Letting go is hard.  As attachment parents we have had the luxury of time to know our children in very intimidate ways.  We have had the pleasure of spending countless hours watching them grow and helping to meet their needs.  However, a time comes when our children are ready to take all that we have shared with them and move on without us.  Well, not really without us because we are always a part of them.  All of those years we spent together have allowed them to become wise in their decisions.  It has allowed them to be caring people that expect and demand good things for themselves.  Letting go is hard but at the same time very exciting.  I am filled with excitement for my daughter and the experiences she is going to have next week.  As I told the camp counselor, “I wish I could be a fly on the wall and see all the fun she is having, yet I know this is her experience.”  She will share what she wants to share and will keep the rest to herself.  Sounds pretty natural and healthy to me.

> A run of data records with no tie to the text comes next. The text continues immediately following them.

lemma mulkey_assoc: "mulkey (mulkey k l) m = mulkey k (mulkey l m)"
  by (cases k; cases l; cases m) (simp add: mulkey_def algebra_simps)

lemma mulkey_zero: "mulkey (0, 0, 0) l = l" "mulkey l (0, 0, 0) = l"
  by (cases l; simp add: mulkey_def)+

lemma qmul_assoc: "qmul (qmul p r) s = qmul p (qmul r s)"
proof -
  let ?sp = "\<Sum>k\<in>Poly_Mapping.keys p. Poly_Mapping.single k (Poly_Mapping.lookup p k)"
  let ?sr = "\<Sum>k\<in>Poly_Mapping.keys r. Poly_Mapping.single k (Poly_Mapping.lookup r k)"
  let ?ss = "\<Sum>k\<in>Poly_Mapping.keys s. Poly_Mapping.single k (Poly_Mapping.lookup s k)"
  have "qmul (qmul ?sp ?sr) ?ss = qmul ?sp (qmul ?sr ?ss)"
    by (simp add: qmul_sum_left qmul_sum_right qmul_single mulkey_assoc mult.assoc)
  then show ?thesis
    by (simp flip: poly_mapping_sum_single)
qed

lemma qmul_one_left: "qmul qone p = p"
proof -
  have "qmul qone (\<Sum>k\<in>Poly_Mapping.keys p. Poly_Mapping.single k (Poly_Mapping.lookup p k))
      = (\<Sum>k\<in>Poly_Mapping.keys p. Poly_Mapping.single k (Poly_Mapping.lookup p k))"
    by (simp add: qmul_sum_right qone_def mon_def qmul_single mulkey_zero)
  then show ?thesis
    by (simp flip: poly_mapping_sum_single)
qed

lemma qmul_one_right: "qmul p qone = p"
proof -
  have "qmul (\<Sum>k\<in>Poly_Mapping.keys p. Poly_Mapping.single k (Poly_Mapping.lookup p k)) qone
      = (\<Sum>k\<in>Poly_Mapping.keys p. Poly_Mapping.single k (Poly_Mapping.lookup p k))"
    by (simp add: qmul_sum_left qone_def mon_def qmul_single mulkey_zero)
  then show ?thesis
    by (simp flip: poly_mapping_sum_single)
qed

lemma qmul_scalar_commute:
  assumes "Poly_Mapping.keys f \<subseteq> {(n, 0, 0) | n. True}"
  shows "qmul f p = qmul p f"
proof -
  have "mulkey k l = mulkey l k" if "k \<in> Poly_Mapping.keys f" for k l
    using assms that by (cases l) (auto simp: mulkey_def)
  then show ?thesis
    unfolding qmul_def by (subst sum.swap) (auto intro!: sum.cong simp: mult.commute)
qed

lemma keys_qmul:
  "Poly_Mapping.keys (qmul f g) \<subseteq> {mulkey k l | k l. k \<in> Poly_Mapping.keys f \<and> l \<in> Poly_Mapping.keys g}"
  unfolding qmul_def
  by (rule order_trans[OF keys_sum]) (use keys_sum in \<open>fastforce split: if_splits\<close>)

lemma qone_neq_zero: "qone \<noteq> 0"
  by (metis lookup_single_eq lookup_zero mon_def one_neq_zero qone_def)

typedef qtorus = "UNIV :: qt set"
  by simp

setup_lifting type_definition_qtorus

instantiation qtorus :: ring_1
begin

lift_definition zero_qtorus :: qtorus is 0 .
lift_definition one_qtorus :: qtorus is qone .
lift_definition plus_qtorus :: "qtorus \<Rightarrow> qtorus \<Rightarrow> qtorus" is "(+)" .
lift_definition minus_qtorus :: "qtorus \<Rightarrow> qtorus \<Rightarrow> qtorus" is "(-)" .
lift_definition uminus_qtorus :: "qtorus \<Rightarrow> qtorus" is uminus .
lift_definition times_qtorus :: "qtorus \<Rightarrow> qtorus \<Rightarrow> qtorus" is qmul .

instance
  by standard (transfer; simp add: algebra_simps qmul_assoc qmul_add_left qmul_add_right
      qmul_one_left qmul_one_right qone_neq_zero)+

end

section \<open>Cluster variables and standard monomials\<close>

lift_definition tmon :: "int \<Rightarrow> int \<Rightarrow> int \<Rightarrow> qtorus" is mon .

lemma tmon_mult: "tmon n a b * tmon m c d = tmon (n + m - 2 * b * c) (a + c) (b + d)"
  by transfer (simp add: mon_def qmul_single mulkey_def)

lemma tmon_zero [simp]: "tmon 0 0 0 = 1"
  by transfer (simp add: qone_def)

definition v :: "int \<Rightarrow> qtorus" where "v k = tmon k 0 0"

(* X0, X3, X4 solved from the exchange relations: X0 = v X1 X2^-1 + X2^-1,
   X3 = v^4 X1^-1 X2^4 + X1^-1, X4 = v^3 X1^-1 X2^3 + v^-1 X1^-1 X2^-1 + X2^-1. *)
definition x1 :: qtorus where "x1 = tmon 0 1 0"
definition x2 :: qtorus where "x2 = tmon 0 0 1"
definition x0 :: qtorus where "x0 = tmon 1 1 (-1) + tmon 0 0 (-1)"
definition x3 :: qtorus where "x3 = tmon 4 (-1) 4 + tmon 0 (-1) 0"
definition x4 :: qtorus where "x4 = tmon 3 (-1) 3 + tmon (-1) (-1) (-1) + tmon 0 0 (-1)"

lemmas tmon_simps = tmon_mult distrib_left distrib_right v_def x1_def x2_def x0_def x3_def x4_def

lemma the_qmul_right_factor:
  assumes "qmul c c' = qone" "qmul y c = r"
  shows "(THE x. qmul x c = r) = y"
proof (rule the_equality)
  fix x assume "qmul x c = r"
  then have "qmul (qmul x c) c' = qmul (qmul y c) c'" using assms(2) by simp
  then show "x = y" by (simp add: qmul_assoc assms(1) qmul_one_right)
qed (fact assms(2))

lemma the_qmul_left_factor:
  assumes "qmul c' c = qone" "qmul c y = r"
  shows "(THE x. qmul c x = r) = y"
proof (rule the_equality)
  fix x assume "qmul c x = r"
  then have "qmul c' (qmul c x) = qmul c' (qmul c y)" using assms(2) by simp
  then show "x = y" by (simp flip: qmul_assoc add: assms(1) qmul_one_left)
qed (fact assms(2))

lemmas Rep_qtorus_ops = zero_qtorus.rep_eq one_qtorus.rep_eq plus_qtorus.rep_eq
  minus_qtorus.rep_eq uminus_qtorus.rep_eq times_qtorus.rep_eq tmon.rep_eq

lemma Rep_qtorus_power: "Rep_qtorus (x ^ n) = qpow (Rep_qtorus x) n"
  by (induction n) (simp_all add: Rep_qtorus_ops)

lemma Rep_qtorus_sum: "Rep_qtorus (sum f S) = (\<Sum>s\<in>S. Rep_qtorus (f s))"
  by (induction S rule: infinite_finite_induct) (simp_all add: Rep_qtorus_ops)

lemma X1_eq: "X1 = Rep_qtorus x1"
  by (simp add: X1_def x1_def tmon.rep_eq)

lemma X2_eq: "X2 = Rep_qtorus x2"
  by (simp add: X2_def x2_def tmon.rep_eq)

lemma X0_eq: "X0 = Rep_qtorus x0"
proof -
  have "x0 * x2 = v 1 * x1 + 1" and "x2 * tmon 0 0 (-1) = 1"
    by (simp_all add: tmon_simps)
  from this[THEN arg_cong[where f = Rep_qtorus]] show ?thesis
    unfolding X0_def X1_eq X2_eq
    by (intro the_qmul_right_factor[where c' = "mon 0 0 (-1)"]) (simp_all add: Rep_qtorus_ops v_def)
qed

lemma X3_eq: "X3 = Rep_qtorus x3"
proof -
  have "x1 * x3 = v 4 * x2 ^ 4 + 1" and "tmon 0 (-1) 0 * x1 = 1"
    by (simp_all add: tmon_simps power4_eq_xxxx)
  from this[THEN arg_cong[where f = Rep_qtorus]] show ?thesis
    unfolding X3_def X1_eq X2_eq
    by (intro the_qmul_left_factor[where c' = "mon 0 (-1) 0"])
      (simp_all add: Rep_qtorus_ops Rep_qtorus_power v_def)
qed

3 thoughts on “Attachment Parenting: Letting Go

  1. Great post Cathy, but I know parents who don't home school and do the same thing. They attend football games to 'watch,' their child while telling the child they trust them, they pretend to be their child on FB or other media trying to 'catch,'them. I love your way of letting them learn & grow!


  2. Cathy–While not a homeschooler or attachment parent, we have held our children close and then trusted them when it was time for them to fly! While I so miss their baby days, I am loving this time in their lives. It's a little like watching them learn to walk again, just a scarier. Some bobbling steps, but off they go–and they are so excited about it. Yes–harder to keep them home than to let them go. But I have to sit on my hands! And pray (for me and for them), and trust.


  3. Cathy,

    I have been attachment parenting since before it had a name. Unschooled my kid when the only information out there was John Holts little newsletter, and a manifesto about how to legally unschool.

    I remember my husband saying “if we don't do something, this kid will still be sleeping with us when he's six” – 4 years later, the kid and his two sisters were all in our big bed, and my husband loved it! We cuddled up each night for reading aloud until the “kid” was 16!

    My one guiding principal through all the years was this: if something they want to do is statistically safer than putting my kid in a car and driving to the grocery store – then I would give them my blessing! (not to say I didn't pause for a moment when my youngest told me she'd been rock climbing in Oregon yesterday!)

    My “kids” are now 37, 34 and 31 and still thank me for unschooling and raising them the way I did! They have grown up to be delightful, adventurous, generous and loving adults who bless my life.

    I commend you to follow your heart, if my kids are typical, you will be blessed ten fold!